▶ Aim of the exercise
Repeat each line of the records below exactly.

(Data entries)
theorem mainTheorem5:
  fixes scale :: "'k::field \<Rightarrow> 'v::ab_group_add \<Rightarrow> 'v"
    and mult :: "'v \<Rightarrow> 'v \<Rightarrow> 'v"
  assumes char2: "(2::'k) \<noteq> 0" and char3: "(3::'k) \<noteq> 0"
    and adm: "admissible_poisson scale mult"
    and center: "lie_center scale mult = {0}"
  shows "(\<forall>e. mult e e = e \<longrightarrow> e = 0) \<and> (finite_dim scale \<longrightarrow> nilalgebra mult)"
proof -
  interpret P: admissible_poisson_algebra scale mult
    using adm char2 char3 by (rule admissible_poisson_algebra.intro)
  have idempotent_zero: "e = 0" if "mult e e = e" for e
    using P.idempotent_in_lie_center[OF that] center by blast
  moreover have "nilalgebra mult" if "finite_dim scale"
  proof -
    have "nilalgebra P.sym_mult"
      using P.sym.nilalgebra_if_no_nonzero_idempotent[OF that] idempotent_zero P.mult_self
      by metis
    then show ?thesis
      by (simp add: nilalgebra_def P.ppow_eq_sym_ppow)
  qed
  ultimately show ?thesis
    by blast
qed

end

▶ Written response
theorem mainTheorem5:
  fixes scale :: "'k::field \<Rightarrow> 'v::ab_group_add \<Rightarrow> 'v"
    and mult :: "'v \<Rightarrow> 'v \<Rightarrow> 'v"
  assumes char2: "(2::'k) \<noteq> 0" and char3: "(3::'k) \<noteq> 0"
    and adm: "admissible_poisson scale mult"
    and center: "lie_center scale mult = {0}"
  shows "(\<forall>e. mult e e = e \<longrightarrow> e = 0) \<and> (finite_dim scale \<longrightarrow> nilalgebra mult)"
proof -
  interpret P: admissible_poisson_algebra scale mult
    using adm char2 char3 by (rule admissible_poisson_algebra.intro)
  have idempotent_zero: "e = 0" if "mult e e = e" for e
    using P.idempotent_in_lie_center[OF that] center by blast
  moreover have "nilalgebra mult" if "finite_dim scale"
  proof -
    have "nilalgebra P.sym_mult"
      using P.sym.nilalgebra_if_no_nonzero_idempotent[OF that] idempotent_zero P.mult_self
      by metis
    then show ?thesis
      by (simp add: nilalgebra_def P.ppow_eq_sym_ppow)
  qed
  ultimately show ?thesis
    by blast
qed

end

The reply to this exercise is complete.